Does your company offer mobile apps with animated characters or with “kids” in the title or description? Does your website have a section aimed at students, explaining your goods or services in a fun and educational way? Does your company run a contest for students to submit artwork or essays on your social media site?
It doesn’t matter if your company is involved in healthcare or financial services or manufacturing, these offerings could bring your company within the scope of the Children’s Online Privacy Protection Act (COPPA) and the Federal Trade Commission’s new amended regulation, which goes into effect on July 1, 2013.
On September 27, 2011, the FTC proposed updates to its COPPA regulation, which initially went into effect in 2000. 76 Fed. Reg. 59804 (Sept. 27, 2011). The current regulation imposes restrictions on companies that operate websites or provide online services directed at children under the age of 13, and those that have actual knowledge that they are collecting personal information online from children under 13. Those site operators must obtain parental consent before obtaining and using a child’s “personal information.”

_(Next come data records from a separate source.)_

lemma PP_above_unreachable: "k + int N < l \<Longrightarrow> PP_above x y N k l = 0"
  unfolding PP_above_def
  by (rule sum.neutral) (auto dest: sum_list_step_lists_bounds)

text \<open>Appending a step to a nonnegative path multiplies its weight by
  \<open>(1 + x) * (1 + y) = 1 + (x + y) + x * y\<close>, except that a down step is forbidden at height 0.\<close>

lemma PPplus_total_Suc_via_zero:
  "PPplus_total x y (Suc N) k = (1 + x) * (1 + y) * PPplus_total x y N k - x * y * PPplus x y N k 0"
proof (induction N arbitrary: k)
  case 0
  show ?case
    by (cases "k < 0")
      (simp_all add: PPplus_total_neg PPplus_neg PPplus_total_Suc PPplus_total_0 PPplus_0 algebra_simps)
next
  case (Suc N)
  show ?case
  proof (cases "k < 0")
    case True
    then show ?thesis by (simp add: PPplus_total_neg PPplus_neg)
  next
    case False
    then have k: "0 \<le> k" by simp
    have "PPplus_total x y (Suc (Suc N)) k
        = (1 + x) * (1 + y) * (PPplus_total x y N (k + 1) + (x + y) * PPplus_total x y N k
             + x * y * PPplus_total x y N (k - 1))
          - x * y * (PPplus x y N (k + 1) 0 + (x + y) * PPplus x y N k 0
             + x * y * PPplus x y N (k - 1) 0)"
      unfolding PPplus_total_Suc[OF k, of x y "Suc N"] Suc.IH by (simp add: algebra_simps)
    then show ?thesis
      using k by (simp add: PPplus_total_Suc PPplus_Suc)
  qed
qed

definition neg_binomial_fps :: "'a::field \<Rightarrow> nat \<Rightarrow> 'a fps" where
  "neg_binomial_fps x s = Abs_fps (\<lambda>r. of_nat ((r + s - 1) choose r) * x ^ r)"

lemma neg_binomial_fps_nth: "neg_binomial_fps x s $ r = of_nat ((r + s - 1) choose r) * x ^ r"
  by (simp add: neg_binomial_fps_def)

lemma neg_binomial_fps_0: "neg_binomial_fps x 0 = 1"
  by (rule fps_ext) (auto simp: neg_binomial_fps_nth binomial_eq_0)

lemma neg_binomial_fps_Suc:
  "(1 - fps_const x * fps_X) * neg_binomial_fps x (Suc s) = neg_binomial_fps x s"
proof (rule fps_ext)
  fix r
  have expand: "(1 - fps_const x * fps_X) * neg_binomial_fps x (Suc s)
      = neg_binomial_fps x (Suc s) - fps_const x * (fps_X * neg_binomial_fps x (Suc s))"
    by (simp add: algebra_simps)
  show "((1 - fps_const x * fps_X) * neg_binomial_fps x (Suc s)) $ r = neg_binomial_fps x s $ r"
  proof (cases r)
    case 0
    then show ?thesis by (simp add: expand neg_binomial_fps_nth)
  next
    case (Suc r')
    have "(Suc r' + s) choose Suc r' = ((r' + s) choose r') + ((r' + s) choose Suc r')"
      by simp
    then have "of_nat ((Suc r' + s) choose Suc r') * x ^ Suc r' - x * (of_nat ((r' + s) choose r') * x ^ r')
        = of_nat ((r' + s) choose Suc r') * x ^ Suc r'"
      by (simp add: algebra_simps)
    then show ?thesis using Suc by (simp add: expand neg_binomial_fps_nth)
  qed
qed

text \<open>\<open>hcoef x y s r\<close> is the coefficient of \<open>t ^ r\<close> in \<open>((1 - x t) (1 - y t)) ^ (-s)\<close>,
  extended by zero to negative \<open>r\<close>.\<close>

definition hcoef :: "'a::field \<Rightarrow> 'a \<Rightarrow> nat \<Rightarrow> int \<Rightarrow> 'a" where
  "hcoef x y s r = (if r < 0 then 0 else (neg_binomial_fps x s * neg_binomial_fps y s) $ nat r)"

lemma hcoef_neg: "r < 0 \<Longrightarrow> hcoef x y s r = 0"
  by (simp add: hcoef_def)

lemma hcoef_0: "hcoef x y 0 r = (if r = 0 then 1 else 0)"
  by (simp add: hcoef_def neg_binomial_fps_0)

lemma hcoef_at_0: "hcoef x y s 0 = 1"
  by (simp add: hcoef_def neg_binomial_fps_nth)

lemma hcoef_at_1: "hcoef x y s 1 = of_nat s * (x + y)"
  by (simp add: hcoef_def neg_binomial_fps_nth algebra_simps)

lemma hcoef_Suc:
  "hcoef x y s r = hcoef x y (Suc s) r - (x + y) * hcoef x y (Suc s) (r - 1)
     + x * y * hcoef x y (Suc s) (r - 2)"
proof (cases "r < 0")
  case True
  then show ?thesis by (simp add: hcoef_def)
next
  case False
  then obtain t where t: "r = int t" by (metis nonneg_int_cases not_less)
  define H where "H s = neg_binomial_fps x s * neg_binomial_fps y s" for s
  have "(1 - fps_const x * fps_X) * (1 - fps_const y * fps_X) * H (Suc s) = H s"
    unfolding H_def by (metis (no_types, lifting) mult.assoc mult.left_commute neg_binomial_fps_Suc)
  then have "H s = H (Suc s) - fps_const (x + y) * (fps_X * H (Suc s))
      + fps_const (x * y) * (fps_X ^ 2 * H (Suc s))"
    by (simp add: algebra_simps power2_eq_square flip: fps_const_mult fps_const_add)
  then have "H s $ t = H (Suc s) $ t - (x + y) * (if t = 0 then 0 else H (Suc s) $ (t - 1))
      + x * y * (if t < 2 then 0 else H (Suc s) $ (t - 2))"
    by (simp add: fps_X_power_mult_nth)
  then show ?thesis by (simp add: hcoef_def H_def t nat_diff_distrib)
qed

lemma hcoef_Suc_explicit:
  "hcoef x y (Suc m) (int r)
     = (\<Sum>a = 0..r. of_nat ((a + m) choose m) * x ^ a * of_nat ((r - a + m) choose m) * y ^ (r - a))"
proof -
  have symm: "\<And>a. (a + m) choose a = (a + m) choose m"
    by (metis add_diff_cancel_left' binomial_symmetric le_add2 add.commute)
  have "hcoef x y (Suc m) (int r) = (\<Sum>a = 0..r. of_nat ((a + m) choose a) * x ^ a
      * (of_nat ((r - a + m) choose (r - a)) * y ^ (r - a)))"
    by (simp add: hcoef_def fps_mult_nth neg_binomial_fps_def algebra_simps)
  also have "\<dots> = (\<Sum>a = 0..r. of_nat ((a + m) choose m) * x ^ a * of_nat ((r - a + m) choose m) * y ^ (r - a))"
  proof (intro sum.cong refl)
    fix a
    have "(r - a + m) choose (r - a) = (r - a + m) choose m"
      by (rule symm)
    then show "of_nat ((a + m) choose a) * x ^ a * (of_nat ((r - a + m) choose (r - a)) * y ^ (r - a))
        = of_nat ((a + m) choose m) * x ^ a * of_nat ((r - a + m) choose m) * y ^ (r - a)"
      by (simp add: symm mult_ac)
  qed
  finally show ?thesis .
qed

lemma ibinom_of_nat: "ibinom (int a) (int b) = a choose b"
  by (simp add: ibinom_def binomial_eq_0)

lemma sum_ibinom_eq_hcoef:
  assumes "m \<le> r"
  shows "(\<Sum>l = m..r. of_nat (ibinom (int l) (int m) * ibinom (int r + int m - int l) (int m))
            * x powi (int l - int m) * y powi (int r - int l))
       = hcoef x y (Suc m) (int r - int m)"
proof -
  define d where "d = r - m"
  with assms have r: "r = d + m" by simp
  have "(\<Sum>l = m..r. of_nat (ibinom (int l) (int m) * ibinom (int r + int m - int l) (int m))
            * x powi (int l - int m) * y powi (int r - int l))
      = (\<Sum>a = 0..d. of_nat (ibinom (int (a + m)) (int m) * ibinom (int r + int m - int (a + m)) (int m))
            * x powi (int (a + m) - int m) * y powi (int r - int (a + m)))"
    unfolding r by (rule sum.shift_bounds_cl_nat_ivl[of _ 0 m d, unfolded add_0])
  also have "\<dots> = (\<Sum>a = 0..d. of_nat ((a + m) choose m) * x ^ a * of_nat ((d - a + m) choose m) * y ^ (d - a))"
  proof (intro sum.cong refl)
    fix a assume "a \<in> {0..d}"
    then have "int r + int m - int (a + m) = int (d - a + m)" "int (a + m) - int m = int a"
      "int r - int (a + m) = int (d - a)"
      using r by auto
    then show "of_nat (ibinom (int (a + m)) (int m) * ibinom (int r + int m - int (a + m)) (int m))
            * x powi (int (a + m) - int m) * y powi (int r - int (a + m))
        = of_nat ((a + m) choose m) * x ^ a * of_nat ((d - a + m) choose m) * y ^ (d - a)"
      by (simp only: ibinom_of_nat power_int_of_nat) (simp add: mult_ac)
  qed
  also have "\<dots> = hcoef x y (Suc m) (int r - int m)"
    using hcoef_Suc_explicit[of x y m d] r by simp
  finally show ?thesis .
qed

lemma Amat_last_row:
  assumes "m < n" and "x * y \<noteq> 0"
  shows "x * y * Amat x y n (n - 1) m
       = (-1) ^ (n + m) * (hcoef x y (Suc m) (int n - 1 - int m) + hcoef x y (Suc m) (int n - int m))
         + (if m = n - 1 then (1 + x) * (1 + y) else 0)"
proof (cases "m = n - 1")
  case True
  have e0: "int n - 1 - int m = 0" and e1: "int n - int m = 1" and odd: "odd (n + m)"
    using True assms(1) by auto
  have diagonal: "x * y * Amat x y n (n - 1) m = x * y - of_nat m * (x + y)"
    using True assms by (simp add: Amat_def)
  have "(-1) ^ (n + m) * (hcoef x y (Suc m) (int n - 1 - int m) + hcoef x y (Suc m) (int n - int m))
      = - (1 + (of_nat m + 1) * (x + y))"
    unfolding e0 e1 hcoef_at_0 hcoef_at_1 using odd by simp
  then show ?thesis
    unfolding if_P[OF True] diagonal by (simp add: algebra_simps)
next
  case False
  then have m: "m + 1 < n" using assms by simp
  let ?G = "\<lambda>l. of_nat (ibinom (int l) (int m) * ibinom (int n + int m - 1 - int l) (int m))
            * x powi (int l - int m) * y powi (int n - 1 - int l)"
  have vanishing: "?G n = 0"
    by (simp add: ibinom_def)
  have "{m..n} = insert n {m..n - 1}"
    using m by auto
  then have "(\<Sum>l = m..n. ?G l) = ?G n + (\<Sum>l = m..n - 1. ?G l)"
    using m by (simp only:) (rule sum.insert; auto)
  also have "\<dots> = (\<Sum>l = m..n - 1. ?G l)"
    by (simp only: vanishing add_0_left)
  also have "\<dots> = hcoef x y (Suc m) (int n - 1 - int m)"
    using sum_ibinom_eq_hcoef[of m "n - 1" x y] m by (simp add: of_nat_diff algebra_simps)
  finally have last_row_sum: "(\<Sum>l = m..n. ?G l) = hcoef x y (Suc m) (int n - 1 - int m)" .
  have "Amat x y n (n - 1) m = (-1) ^ (n + m) / (x * y) *
       (\<Sum>l = m..n.
          of_nat (ibinom (int l) (int m) * ibinom (int n + int m - 1 - int l) (int m))
            * x powi (int l - int m) * y powi (int n - 1 - int l)
        + of_nat (ibinom (int l) (int m) * ibinom (int n + int m - int l) (int m))
            * x powi (int l - int m) * y powi (int n - int l))"
    using m by (simp add: Amat_def)
  also have "\<dots> = (-1) ^ (n + m) / (x * y)
      * (hcoef x y (Suc m) (int n - 1 - int m) + hcoef x y (Suc m) (int n - int m))"
    using m by (simp only: sum.distrib last_row_sum sum_ibinom_eq_hcoef)
  finally show ?thesis using False assms(2) by simp
qed

definition hconv :: "'a::field \<Rightarrow> 'a \<Rightarrow> nat \<Rightarrow> int \<Rightarrow> 'a" where
  "hconv x y n k = (\<Sum>m<Suc n. (-1) ^ (n + m) * hcoef x y (Suc m) (int n - int m) * PPplus_total x y m k)"

lemma hconv_eq_sum_lessThan:
  assumes "n < B"
  shows "hconv x y n k = (\<Sum>m<B. (-1) ^ (n + m) * hcoef x y (Suc m) (int n - int m) * PPplus_total x y m k)"
  unfolding hconv_def
  by (rule sum.mono_neutral_left) (use assms in \<open>auto simp: hcoef_neg\<close>)

lemma hconv_neg: "k < 0 \<Longrightarrow> hconv x y n k = 0"
  by (simp add: hconv_def PPplus_total_neg)

lemma hconv_0: "hconv x y 0 k = (if 0 \<le> k then 1 else 0)"
  by (simp add: hconv_def hcoef_at_0 PPplus_total_0)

On December 19, 2012, the FTC announced the final version of its amendments to the COPPA rule. See FTC Announcement. The new amendments do not change many of COPPA’s guiding principles—so everyone who had been subject to COPPA will likely continue to be—but the new amendment does expand the scope and adds a strict liability standard for site operators with respect to certain third-party actions.
Among many other changes, the FTC’s new amendments added an exception to the parental notice and consent requirements that is probably very important to many companies: the parental notice and consent requirements do not apply for personal identifiers used “solely to support for internal operations” of the web site. This new “internal operations” exception contains a broad swath of services that many web sites currently provide for themselves:
- authentication of users,
- contextual advertising,
- frequency capping,
- legal compliance,
- maintaining or analyzing site functioning,
- network communications,
- security and integrity, and
- site analysis.
The COPPA requirements of parental consent still apply, however, with respect to any uses or disclosures of information collected to contact a specific person, including through behavioral advertising, regardless of whether that information was collected to create a profile on that person or for any other purpose.
When the COPPA regulations were first promulgated, plug-ins and advertising networks were not commonly in use. The FTC wrestled with these topics in 2011, and had initially considered amending the COPPA rule to make the creator of the plug-in a “covered co-operator” of the child-directed site and thus subject to COPPA’s requirements.
In response to the comments received, however, the FTC has instead focused the regulatory obligations on the site operator, but has placed strict liability on that operator if the operator allows other online services—such as plug-ins or advertising networks—to collect personal information through the child-directed site. Note that the FTC stated that it will “deem a plug-in or other service to be a covered co-operator only where it has actual knowledge that it is collecting information through a child-directed site.” 78 Fed. Reg. at 3975.
Sources: 76 Fed. Reg. 59804 (Sept. 27, 2011); 78 Fed. Reg. at 3972 (Jan. 17, 2013); “FTC Strengthens Kids’ Privacy, Gives Parents Greater Control Over Their Information By Amending Children’s Online Privacy Protection Rule,” Dec. 19, 2012.